New Heelys CEO in Rebuild Mode

NEW YORK — After several punishing quarters, Heelys Inc. is trying to reverse course with the help of its new leader, Tom Hansen.

The former advertising executive — and footwear-industry outsider — is just weeks into his reign at the Dallas-based company and has already identified a new direction for Heelys that will require cost cutting and rebranding.

“Heelys is an icon brand, which I define as a brand that either re-creates, or totally creates, its own category,” he told Footwear News during his first interview last week. “It was probably one of the most disruptive forces in the [footwear] category when it came out. But Heelys, as a brand, never developed. It’s still a product. That represents a giant opportunity.”

Hansen has his work cut out for him. Heelys’ CEO slot has been a revolving door since longtime chief Michael Staffaroni departed in February 2008. “Heelys enjoyed such tremendous growth right out of the shoot. It’s hard to be the guy riding it on the way down,” Hansen said of the former CEOs.

The newest chief executive believes that he is in a different position, though, one in which the “turnaround has already begun.” And with a vastly different background from most of his predecessors, he plans to tap into unconventional problem-solving skills. (Hansen formerly served as the president of TM Advertising, where he created campaigns including American Airlines’ “We Know Why You Fly.”) “Guys who have worked in one category seek the same solutions that have worked previously. I have the benefit of having seen a lot of innovative solutions across different categories,” Hansen explained.
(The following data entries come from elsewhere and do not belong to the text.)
lemma vietoris_basic_shrink:
  assumes A: "A \<in> vietoris_basic X Us" and E: "E \<in> fin_subsets X"
    and S: "\<And>a. a \<in> A \<Longrightarrow> S a \<subseteq> \<Inter>{U \<in> set Us. a \<in> U}"
    and cover: "E \<subseteq> (\<Union>a\<in>A. S a)" and meet: "\<And>a. a \<in> A \<Longrightarrow> E \<inter> S a \<noteq> {}"
  shows "E \<in> vietoris_basic X Us"
proof -
  have "E \<subseteq> \<Union>(set Us)"
  proof
    fix b assume "b \<in> E"
    then obtain a where a: "a \<in> A" "b \<in> S a" using cover by blast
    moreover obtain U where "U \<in> set Us" "a \<in> U"
      using A a(1) by (auto simp: vietoris_basic_def)
    ultimately show "b \<in> \<Union>(set Us)" using S by blast
  qed
  moreover have "E \<inter> U \<noteq> {}" if U: "U \<in> set Us" for U
  proof -
    obtain a where "a \<in> A" "a \<in> U" using A U by (auto simp: vietoris_basic_def)
    then show ?thesis using meet[of a] S[of a] U by blast
  qed
  ultimately show ?thesis using E by (simp add: vietoris_basic_def)
qed

lemma openin_vietoris_fin_imp_basic:
  assumes "openin (vietoris_fin X) Q" "A \<in> Q"
  shows "\<exists>Us. (\<forall>U\<in>set Us. openin X U) \<and> A \<in> vietoris_basic X Us \<and> vietoris_basic X Us \<subseteq> Q"
proof -
  have "generate_topology_on {vietoris_basic X Us | Us. \<forall>U\<in>set Us. openin X U} Q"
    using assms(1) unfolding vietoris_fin_def by (rule openin_topology_generated_by)
  then show ?thesis using assms(2)
  proof (induction arbitrary: A)
    case (Int Q1 Q2)
    then obtain Us Vs
      where Us: "\<forall>U\<in>set Us. openin X U" "A \<in> vietoris_basic X Us" "vietoris_basic X Us \<subseteq> Q1"
        and Vs: "\<forall>V\<in>set Vs. openin X V" "A \<in> vietoris_basic X Vs" "vietoris_basic X Vs \<subseteq> Q2"
      by blast
    define S where "S a = \<Inter>{U \<in> set Us. a \<in> U} \<inter> \<Inter>{V \<in> set Vs. a \<in> V}" for a
    have A: "A \<in> fin_subsets X" "A \<subseteq> \<Union>(set Us)" "A \<subseteq> \<Union>(set Vs)"
      using Us(2) Vs(2) by (auto simp: vietoris_basic_def)
    then obtain as where as: "set as = A"
      using finite_list unfolding fin_subsets_def by blast
    have "openin X (S a)" if "a \<in> A" for a
      unfolding S_def using A that Us(1) Vs(1) by (intro openin_Int openin_Inter_members_containing) auto
    moreover have "A \<in> vietoris_basic X (map S as)"
      using A(1) as by (auto simp: mem_vietoris_basic_map S_def)
    moreover have "vietoris_basic X (map S as) \<subseteq> Q1 \<inter> Q2"
    proof
      fix E assume "E \<in> vietoris_basic X (map S as)"
      then have E: "E \<in> fin_subsets X" "E \<subseteq> (\<Union>a\<in>A. S a)" "\<And>a. a \<in> A \<Longrightarrow> E \<inter> S a \<noteq> {}"
        using as by (auto simp: mem_vietoris_basic_map)
      have "E \<in> vietoris_basic X Us"
        by (rule vietoris_basic_shrink[OF Us(2) E(1) _ E(2,3)]) (auto simp: S_def)
      moreover have "E \<in> vietoris_basic X Vs"
        by (rule vietoris_basic_shrink[OF Vs(2) E(1) _ E(2,3)]) (auto simp: S_def)
      ultimately show "E \<in> Q1 \<inter> Q2" using Us(3) Vs(3) by blast
    qed
    ultimately show ?case using as by (intro exI[of _ "map S as"]) auto
  next
    case (UN K)
    then show ?case by blast
  qed auto
qed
His strategy for rebuilding Heelys is twofold: improve the look and feel of Heelys’ identifiable wheeled shoe and then grow beyond its niche business. “In the short term, our focus needs to be on solidifying the core business and getting it as focused as possible,” Hansen said. “In the long term, we need to take the brand and expand.”

The CEO attests to positive feedback on Heelys’ fall styles, which feature a sleeker and more athletic look. “The traditional Heelys has been a thick-soled skate shoe, but now we’re focused on being more stylish and contemporary,” Hansen said.

Gerald Bendheim, owner of the Fritz’s Skate, Bike & Surf in Miami Beach, Fla., said the difference between Heelys’ current and former styling is “night and day.” He explained, “Before, people wanted the shoes because of what they were — it didn’t matter what they looked like. Now people are not just buying them because they have a wheel in the heel. When you put [a Heelys shoe] on the wall next to any in-demand shoe, it holds its own. The style is on the mark.”

Beyond getting the core product right, Hansen knows he must expand the brand to create longevity for the company. He said dance competitions could provide one opportunity. And consumers could see new products come to market under the Heelys brand as early as spring ’10. “We are going to aggressively launch new products,” he said.

Acquisitions, too, could be a way to add to Heelys’ product portfolio. “We have a lot of cash and no debt,” Hansen said, noting that the company ended the second quarter with $67.1 million in cash and cash equivalents. “It would make sense to seek acquisitions in complementary categories.”

As for becoming someone else’s acquisition, which was last explored when Skechers USA Inc. made an unsuccessful bid for Heelys last summer, Hansen said a buyout would be unlikely. “Until we’ve realized the potential of the company, I don’t think we’d look at a sale for the kind of price that would be offered.”

Certainly the value of Heelys has dropped since it exploded onto the footwear scene in 2000. The company raised $135 million for an IPO in December 2006, but since then has seen its business falter. In 2008, the firm reported a loss of $5.9 million, compared with a net income of $21.9 million in 2007, while revenues dropped more than 61 percent to just $70.7 million. Heelys’ loss totaled $1.6 million in the most recent quarter, ended June 30, while sales dipped 32 percent to $12.4 million.

Hansen said he believes the company will achieve profitability in the future, although he declined to put a timeframe on such a turnaround. “You’ve got to have sales to have profit,” he said. “We’re a discretionary spend in an economic downturn. But once we see consumer spending sentiments change, with our new product line out there, we’ll benefit from that.”